Студенты Московской консерватории представляли собой весьма пеструю и неоднородную картину. Были среди них и воспитанники недавно ликвидированного рабфака. Эти молодые люди учились с огромным трудом и кое-как перелезали с курса на курс. Их времена – когда можно было учиться при помощи комсомольского билета и проработки «реакционной» профессуры на общих собраниях – давно кончились. Среди этих бывших рабфаковцев был наибольший процент исключаемых за академическую неуспеваемость. За все годы моего учения я не помню случая, чтобы кто-нибудь из них был допущен к выпускным экзаменам. В мое время этот тип студента был уже «вымирающим», так как породивший его рабфак больше не существовал.

Но зато существовала другая группа студентов, которая с каждым годом получала все большие и большие пополнения. Это была молодежь из разных национальных республик Советского Союза: грузины, татары, узбеки, армяне, таджики и т.п. Многие из них были на ином положении, нежели мы все – обычные студенты. Их присылали в Московскую консерваторию местные национальные власти в порядке учебной командировки, они были как бы вольнослушателями, обычно не на исполнительских факультетах. Вступительного экзамена они не держали, так же как и выпускных, и вместо дипломов получали свидетельство о «прослушании курса». Небольшая часть наиболее способных из этой группы студентов проходила полный нормальный курс консерватории на общих основаниях. Интересно отметить, что на исполнительских факультетах это почти всегда были армяне. Представители этой нации составляли очень заметную часть среди самых талантливых студентов фортепьянного и оркестрового факультетов. Многих из них можно было причислить к самым выдающимся советским музыкантам, например самый лучший струнный квартет Советского Союза был армянский струнный квартет имени Комитаса во главе с первоклассным скрипачом Аветом Габриэляном. Очень хорош был и другой армянский квартет, составленный из студентов консерватории, – квартет имени Спендиарова.

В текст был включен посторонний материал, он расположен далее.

lemma is_idom_s_if_head_bridge:
  assumes bridge: "bridge G s (head G uv) uv" and f: "f \<in> out_arcs G (head G uv)"
  shows "is_idom_s G s uv f"
proof -
  have uv: "uv \<in> arcs G"
    using bridge by (simp add: bridge_def)
  have "uv \<noteq> f"
    using f no_awalk_head_to_tail[OF uv, of "[]"] by (auto simp: awalk_Nil_iff)
  then have strict: "strict_s_dom G s uv f"
    using bridge f by (simp add: strict_s_dom_iff_bridge)
  have "s_dom G s y uv" if "strict_s_dom G s y f" for y
  proof -
    have y_dom: "\<forall>p. awalk s p (head G uv) \<longrightarrow> y \<in> set p"
      using that f by (simp add: strict_s_dom_iff_bridge bridge_iff)
    have "y \<in> set (R @ [uv])" if R: "awalk s R (tail G uv)" for R
      using y_dom awalk_snoc[OF R uv] by blast
    then show ?thesis
      by (auto simp: s_dom_iff)
  qed
  then show ?thesis
    using strict by (simp add: is_idom_s_def)
qed

lemma in_arcs_head_if_head_bridge:
  assumes "bridge G s (head G uv) uv"
  shows "in_arcs G (head G uv) = {uv}"
proof -
  have "g = uv" if g: "g \<in> in_arcs G (head G uv)" for g
  proof -
    have g_arc: "g \<in> arcs G"
      using g by simp
    obtain P where "awalk s P (tail G g)"
      using awalk_from_s[OF tail_in_verts[OF g_arc]] by blast
    then have walk: "awalk s (P @ [g]) (head G uv)"
      using g awalk_snoc[OF _ g_arc] by simp
    then have "uv \<in> set (P @ [g])"
      using assms unfolding bridge_iff by blast
    then show "g = uv"
      using awalk_distinct_heads[OF walk] g by (auto simp: inj_on_def)
  qed
  then show ?thesis
    using assms by (auto simp: bridge_def)
qed

lemma s_dom_leaf_iff:
  "s_dom_leaf G s uv \<longleftrightarrow> (\<forall>e \<in> arcs G. \<not> strict_s_dom G s uv e)"
proof
  assume leaf: "s_dom_leaf G s uv"
  show "\<forall>e \<in> arcs G. \<not> strict_s_dom G s uv e"
  proof (intro ballI notI)
    fix e assume "e \<in> arcs G" "strict_s_dom G s uv e"
    note head = strict_s_dom_headD[OF this(2,1)]
    then obtain f where "f \<in> out_arcs G (head G uv)"
      by blast
    then show False
      using leaf is_idom_s_if_head_bridge[OF head(1)] by (auto simp: s_dom_leaf_def)
  qed
qed (auto simp: s_dom_leaf_def is_idom_s_def)

lemma two_out_arcs_if_strict_s_dom:
  assumes "arc_compressed G" "strict_s_dom G s uv e" "e \<in> arcs G"
  obtains f f' where "f \<in> out_arcs G (head G uv)" "f' \<in> out_arcs G (head G uv)" "f \<noteq> f'"
proof -
  note head = strict_s_dom_headD[OF assms(2,3)]
  have "in_degree G (head G uv) = 1"
    using in_arcs_head_if_head_bridge[OF head(1)] by (simp add: in_degree_def)
  moreover have "head G uv \<in> verts G"
    using assms(2) by (simp add: strict_s_dom_def)
  ultimately have "out_degree G (head G uv) \<noteq> 1"
    using assms(1) unfolding arc_compressed_def by blast
  moreover have "out_degree G (head G uv) \<noteq> 0"
    using head(2) finite_out_arcs by (simp add: out_degree_def)
  ultimately have "\<not> card (out_arcs G (head G uv)) \<le> 1"
    by (simp add: out_degree_def)
  then show thesis
    using that card_le_Suc0_iff_eq[OF finite_out_arcs] by auto
qed

lemma ext_psubset_if_strict_s_dom:
  assumes "arc_compressed G" "strict_s_dom G s uv e" "e \<in> arcs G"
  shows "\<exists>a \<in> arcs G. set (ext G s t uv) \<subset> set (ext G s t a)"
proof -
  obtain f f' where f: "f \<in> out_arcs G (head G uv)" and f': "f' \<in> out_arcs G (head G uv)"
    and "f \<noteq> f'"
    using two_out_arcs_if_strict_s_dom[OF assms] .
  have uv: "uv \<in> arcs G" and f_arc: "f \<in> arcs G" and f'_arc: "f' \<in> arcs G"
    using assms(2) f f' by (simp_all add: strict_s_dom_def)
  have "strict_s_dom G s uv f"
    using is_idom_s_if_head_bridge[OF strict_s_dom_headD(1)[OF assms(2,3)] f]
    by (simp add: is_idom_s_def)
  then have "uv \<in> set (ext G s t f)"
    using f_arc uv by (simp add: set_ext strict_s_dom_def)
  then have "set (ext G s t uv) \<subseteq> set (ext G s t f)"
    using f_arc by (intro set_ext_subset_if_in)
  moreover have "f \<in> set (ext G s t f)"
    using f_arc by (simp add: set_ext s_dom_def)
  moreover have "f \<notin> set (ext G s t uv)"
  proof -
    \<comment> \<open>an s-t path through \<open>uv\<close> and its sibling \<open>f'\<close> cannot also use \<open>f\<close>\<close>
    obtain P1 P2 where "awalk s P1 (tail G uv)" "awalk (head G f') P2 t"
      using awalk_from_s[OF tail_in_verts[OF uv]] awalk_to_t[OF head_in_verts[OF f'_arc]] by blast
    then have walk: "awalk s (P1 @ uv # f' # P2) t"
      using uv f' by (simp add: awalk_via_arc awalk_Cons_iff)
    have "inj_on (tail G) (set (P1 @ uv # f' # P2))"
      using awalk_distinct_tails[OF walk] by (simp only: distinct_map)
    moreover have "tail G f = tail G f'" "f' \<in> set (P1 @ uv # f' # P2)"
      using f f' by simp_all
    ultimately have "f \<notin> set (P1 @ uv # f' # P2)"
      using \<open>f \<noteq> f'\<close> inj_onD by metis
    moreover have "uv \<in> set (P1 @ uv # f' # P2)"
      by simp
    ultimately show ?thesis
      using walk in_set_ext_iff[OF uv] by blast
  qed
  ultimately show ?thesis
    using f_arc by blast
qed

lemma set_ext_reverse_digraph:
  assumes "a \<in> arcs G"
  shows "set (ext (reverse_digraph G) t s a) = set (ext G s t a)"
proof -
  interpret rev: st_dag_graph "reverse_digraph G" t s
    by (rule st_dag_graph_reverse_digraph)
  show ?thesis
    using assms rev.set_ext set_ext by auto
qed

lemma t_dom_leaf_iff:
  "t_dom_leaf G t uv \<longleftrightarrow> (\<forall>e \<in> arcs G. \<not> strict_t_dom G t uv e)"
proof -
  interpret rev: st_dag_graph "reverse_digraph G" t s
    by (rule st_dag_graph_reverse_digraph)
  show ?thesis
    using rev.s_dom_leaf_iff[of uv] by simp
qed

lemma ext_psubset_if_strict_t_dom:
  assumes "arc_compressed G" "strict_t_dom G t uv e" "e \<in> arcs G"
  shows "\<exists>a \<in> arcs G. set (ext G s t uv) \<subset> set (ext G s t a)"
proof -
  interpret rev: st_dag_graph "reverse_digraph G" t s
    by (rule st_dag_graph_reverse_digraph)
  have "uv \<in> arcs G"
    using assms(2) by (simp add: strict_t_dom_def)
  moreover obtain a where "a \<in> arcs G" "set (ext (reverse_digraph G) t s uv) \<subset> set (ext (reverse_digraph G) t s a)"
    using rev.ext_psubset_if_strict_s_dom[of uv e] assms by auto
  ultimately show ?thesis
    using set_ext_reverse_digraph by auto
qed

lemma strict_dom_if_ext_psubset:
  assumes "uv \<in> arcs G" "a \<in> arcs G" "set (ext G s t uv) \<subset> set (ext G s t a)"
  shows "strict_s_dom G s uv a \<or> strict_t_dom G t uv a"
proof -
  have "uv \<in> set (ext G s t uv)"
    using assms(1) by (simp add: set_ext s_dom_def)
  then have "uv \<in> set (ext G s t a)"
    using assms(3) by blast
  moreover have "uv \<noteq> a"
    using assms(3) by blast
  ultimately show ?thesis
    using assms(2) by (auto simp: set_ext strict_s_dom_def strict_t_dom_def)
qed

lemma maximal_safe_ext_iff_dom_leaf:
  assumes "arc_compressed G" "uv \<in> arcs G"
  shows "maximal_safe G s t (ext G s t uv) \<longleftrightarrow> s_dom_leaf G s uv \<and> t_dom_leaf G t uv"
proof -
  have "(\<exists>a \<in> arcs G. set (ext G s t uv) \<subset> set (ext G s t a))
      \<longleftrightarrow> (\<exists>e \<in> arcs G. strict_s_dom G s uv e \<or> strict_t_dom G t uv e)"
    using strict_dom_if_ext_psubset[OF assms(2)]
      ext_psubset_if_strict_s_dom[OF assms(1)] ext_psubset_if_strict_t_dom[OF assms(1)]
    by blast
  then show ?thesis
    unfolding maximal_safe_ext_iff[OF assms(2)] s_dom_leaf_iff t_dom_leaf_iff by blast
qed

end

theorem theorem8:
  fixes G :: "('v,'e) pre_digraph" and s t :: 'v and uv :: 'e
  assumes "st_dag G s t" and "arc_compressed G" and "uv \<in> arcs G"
  shows "maximal_safe G s t (ext G s t uv) \<longleftrightarrow> s_dom_leaf G s uv \<and> t_dom_leaf G t uv"
proof -
  interpret st_dag_graph G s t
    using assms(1) by (simp add: st_dag_graph_def st_dag_graph_axioms_def st_dag_def)
  show ?thesis
    using assms(2,3) by (rule maximal_safe_ext_iff_dom_leaf)
qed

end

Грузины имели нескольких способных студентов на композиторском факультете (самым ярким среди них был, ныне столь известный благодаря постановлению ЦК партии о музыке, Вано Мурадели), но совершенно не имели хороших исполнителей. Единственный грузинский струнный квартет студентов братьев Шанидзе служил в течение нескольких лет предметом насмешек всей консерватории. Отец этих братьев, грузинский крестьянин, один раз в своей жизни услышал где-то струнный квартет и так пленился его звучанием, что решил во что бы то ни стало организовать такой же квартет из своих четырех сыновей. При содействии местных грузинских властей ему это удалось. И вот братья Шанидзе – здоровые, высокие молодцы, смуглые, с суровыми энергичными лицами – учились, вернее, пытались учиться в Московской консерватории. Но их большие сильные руки так и не смогли привыкнуть держать такие легкие изящные предметы, как смычки. И всех братьев в конце концов выгнали, несмотря на все хлопоты и рекомендации грузинских властей и несмотря даже на то, что они были земляками самого товарища Сталина.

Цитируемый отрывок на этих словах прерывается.